I see 14; one hiding underneath the pile?


----------



## bowtherat (Mar 21, 2011)

yeah Nanashi we recounted last night :






14


----------



## nanashi7 (Jun 5, 2013)

Is tht dark one in your right palm a runt?


----------



## bowtherat (Mar 21, 2011)

Not sure they all seem pretty much the smae size now


----------



## snailsmeen (Mar 7, 2014)

So so cute!


----------



## Gannyaan (Dec 7, 2012)

Pictures...? How are the babies doin? 


Sent from Petguide.com Free App


----------



## bowtherat (Mar 21, 2011)

I will upload pics of them, sorry for the absence, figuring out new apartment stuff and dealing with 17 rats is a lot of work lol.
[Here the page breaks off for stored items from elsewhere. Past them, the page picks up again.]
(* Consider the Krasovskii-regularized Lur'e system $\dot x\in F(x)$, $y=Cx$, of the context, and suppose Assumptions 1 and 3 hold. Then the system is state finite-time stable (SFTS) if and only if $C$ is invertible (i.e., $p=n$ and $C$ is nonsingular).
   Context: System: $\dot x=Ax+Bu$, $y=Cx$, $u=-\boldsymbol\psi(y)$, $x\in\mathbb{R}^n$, $u,y\in\mathbb{R}^p$, $\boldsymbol\psi(y)=(\psi_1(y_1),\dots,\psi_p(y_p))$. Piecewise continuous: finitely many discontinuities on each bounded interval, continuous between them, finite one-sided limits. Krasovskii regularization: $\boldsymbol\Psi_i(s):=\bigcap_{\delta>0}\overline{\mathrm{co}}\,\psi_i(s+\delta[-1,1])$, $\boldsymbol\Psi(y):=\boldsymbol\Psi_1(y_1)\times\dots\times\boldsymbol\Psi_p(y_p)$, $F(x):=\{Ax-Bw:w\in\boldsymbol\Psi(Cx)\}$; solutions are absolutely continuous functions satisfying $\dot x(t)\in F(x(t))$ a.e. Assumption 1: for each $i$, $\psi_i$ is piecewise continuous and there is $\zeta_i\in(0,+\infty]$ with $\psi_i(s)(\psi_i(s)-\zeta_is)\le0$ for all $s$ (for $\zeta_i=+\infty$: $\psi_i(s)s\ge0$). Assumption 3: (i) there is a diagonal $\overline\Gamma>0$ with $\overline\Gamma CB+(CB)^\top\overline\Gamma>0$; (ii) the origin is globally asymptotically stable for $\dot x\in F(x)$ (all maximal solutions defined on $\mathbb{R}_{\ge0}$ and there is $\beta\in\mathcal{KL}$ with $|x(t)|\le\beta(|x(0)|,t)$ for all solutions and $t\ge0$); (iii) for each $i$, $\lim_{s\to0^+}\psi_i(s)>0$ and $\lim_{s\to0^-}\psi_i(s)<0$. SFTS: all solutions forward complete, the origin is globally asymptotically stable, and for each solution there is $T\in[0,\infty)$ with $x(t)=0$ for all $t\ge T$. *)

theory Defs
  imports "HOL-Analysis.Analysis"
begin

definition piecewise_cont :: "(real \<Rightarrow> real) \<Rightarrow> bool" where
  "piecewise_cont f \<longleftrightarrow>
     (\<forall>a b. finite {s \<in> {a..b}. \<not> isCont f s}) \<and>
     (\<forall>s. \<exists>l. (f \<longlongrightarrow> l) (at_left s)) \<and>
     (\<forall>s. \<exists>l. (f \<longlongrightarrow> l) (at_right s))"

definition kras :: "(real \<Rightarrow> real) \<Rightarrow> real \<Rightarrow> real set" where
  "kras f s = (\<Inter>\<delta>\<in>{0<..}. closure (convex hull (f ` {s - \<delta> .. s + \<delta>})))"

definition kras_vec :: "('p \<Rightarrow> real \<Rightarrow> real) \<Rightarrow> real^'p \<Rightarrow> (real^'p) set" where
  "kras_vec psi y = {w. \<forall>i. w $ i \<in> kras (psi i) (y $ i)}"

definition lure_F :: "real^'n^'n \<Rightarrow> real^'p^'n \<Rightarrow> real^'n^'p \<Rightarrow> ('p \<Rightarrow> real \<Rightarrow> real)
                      \<Rightarrow> real^'n \<Rightarrow> (real^'n) set" where
  "lure_F A B C psi x = {A *v x - B *v w | w. w \<in> kras_vec psi (C *v x)}"

definition abs_cont_on :: "real set \<Rightarrow> (real \<Rightarrow> 'a::real_normed_vector) \<Rightarrow> bool" where
  "abs_cont_on S f \<longleftrightarrow>
     (\<forall>\<epsilon>>0. \<exists>\<delta>>0. \<forall>(N::nat) (u::nat \<Rightarrow> real) v.
        (\<forall>k<N. u k \<in> S \<and> v k \<in> S \<and> u k \<le> v k) \<and>
        (\<forall>j<N. \<forall>k<N. j \<noteq> k \<longrightarrow> v j \<le> u k \<or> v k \<le> u j) \<and>
        (\<Sum>k<N. v k - u k) < \<delta>
        \<longrightarrow> (\<Sum>k<N. norm (f (v k) - f (u k))) < \<epsilon>)"

definition is_sol :: "('a::real_normed_vector \<Rightarrow> 'a set) \<Rightarrow> (real \<Rightarrow> 'a) \<Rightarrow> ereal \<Rightarrow> bool" where
  "is_sol F x T \<longleftrightarrow> 0 < T \<and>
     (\<forall>t. 0 \<le> t \<and> ereal t < T \<longrightarrow> abs_cont_on {0..t} x) \<and>
     (AE t in lborel. 0 < t \<and> ereal t < T \<longrightarrow>
         (\<exists>v. (x has_vector_derivative v) (at t) \<and> v \<in> F (x t)))"

definition is_max_sol :: "('a::real_normed_vector \<Rightarrow> 'a set) \<Rightarrow> (real \<Rightarrow> 'a) \<Rightarrow> ereal \<Rightarrow> bool" where
  "is_max_sol F x T \<longleftrightarrow> is_sol F x T \<and>
     \<not> (\<exists>y T'. T < T' \<and> is_sol F y T' \<and> (\<forall>t. 0 \<le> t \<and> ereal t < T \<longrightarrow> y t = x t))"

definition classK :: "(real \<Rightarrow> real) \<Rightarrow> bool" where
  "classK \<alpha> \<longleftrightarrow> continuous_on {0..} \<alpha> \<and> \<alpha> 0 = 0 \<and> strict_mono_on {0..} \<alpha>"
lemma integrable_sphere_measure:
  fixes \<phi> :: "'a::euclidean_space \<Rightarrow> real"
  assumes "continuous_on UNIV \<phi>"
  shows "integrable sphere_measure \<phi>"
proof -
  have [measurable]: "\<phi> \<in> borel_measurable borel"
    using assms by (rule borel_measurable_continuous_onI)
  have "bounded (\<phi> ` cball 0 1)"
    by (intro compact_imp_bounded compact_continuous_image continuous_on_subset[OF assms]) auto
  then obtain C where C: "\<forall>t\<in>\<phi> ` cball 0 1. norm t \<le> C"
    unfolding bounded_iff by blast
  have C_radial: "norm (\<phi> (x /\<^sub>R norm x)) \<le> C" for x :: 'a
    using C by (cases "x = 0") auto
  have "(\<integral>\<^sup>+w. ennreal (norm (\<phi> w)) \<partial>sphere_measure)
      = of_nat DIM('a) * (\<integral>\<^sup>+x\<in>ball 0 1. ennreal (norm (\<phi> (x /\<^sub>R norm x))) \<partial>lborel)"
    by (rule nn_integral_sphere_measure) measurable
  also have "\<dots> \<le> of_nat DIM('a) * (\<integral>\<^sup>+x\<in>ball (0::'a) 1. ennreal C \<partial>lborel)"
    using C_radial by (intro mult_left_mono nn_integral_mono mult_right_mono ennreal_leI) auto
  also have "\<dots> < \<infinity>"
    by (simp add: nn_integral_cmult_indicator emeasure_ball ennreal_mult_less_top of_nat_less_top)
  finally show ?thesis
    by (intro integrableI_bounded) auto
qed

lemma borel_measurable_sphere_integral[measurable]:
  fixes \<phi> :: "real \<Rightarrow> 'a::euclidean_space \<Rightarrow> real"
  assumes [measurable]: "case_prod \<phi> \<in> borel_measurable (borel \<Otimes>\<^sub>M borel)"
  shows "(\<lambda>\<rho>. \<integral>w. \<phi> \<rho> w \<partial>sphere_measure) \<in> borel_measurable borel"
proof -
  interpret finite_measure "sphere_measure :: 'a measure"
    by (rule finite_measure_sphere_measure)
  show ?thesis
    by (rule borel_measurable_lebesgue_integral) measurable
qed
They all survived and are doing great, but we've only found homes for 4-6 of the 14 babies. But i have some ideas, the only hard thing is theres two beautiful boys at the SPCA here for adoption( Will be euthanized if not adopted soon). They're Siamese Dumbo Rex's and they're so nice. Whoever owned them before they were sent to the shelter must have loved them because if you lift them up to your nose and say "kisses" they give you kisses. (Will post video when we get them)

but yeah they boys and girls are great (6 girls, 8 boys) and they are all running around like crazy and bugging Skittles. We separated the boys 3 days ago because they're on real food now and we don't want any more babies. I have pictures that i will post but i'm about to go out.


----------



## Gannyaan (Dec 7, 2012)

Great!!!! 


Sent from Petguide.com Free App


----------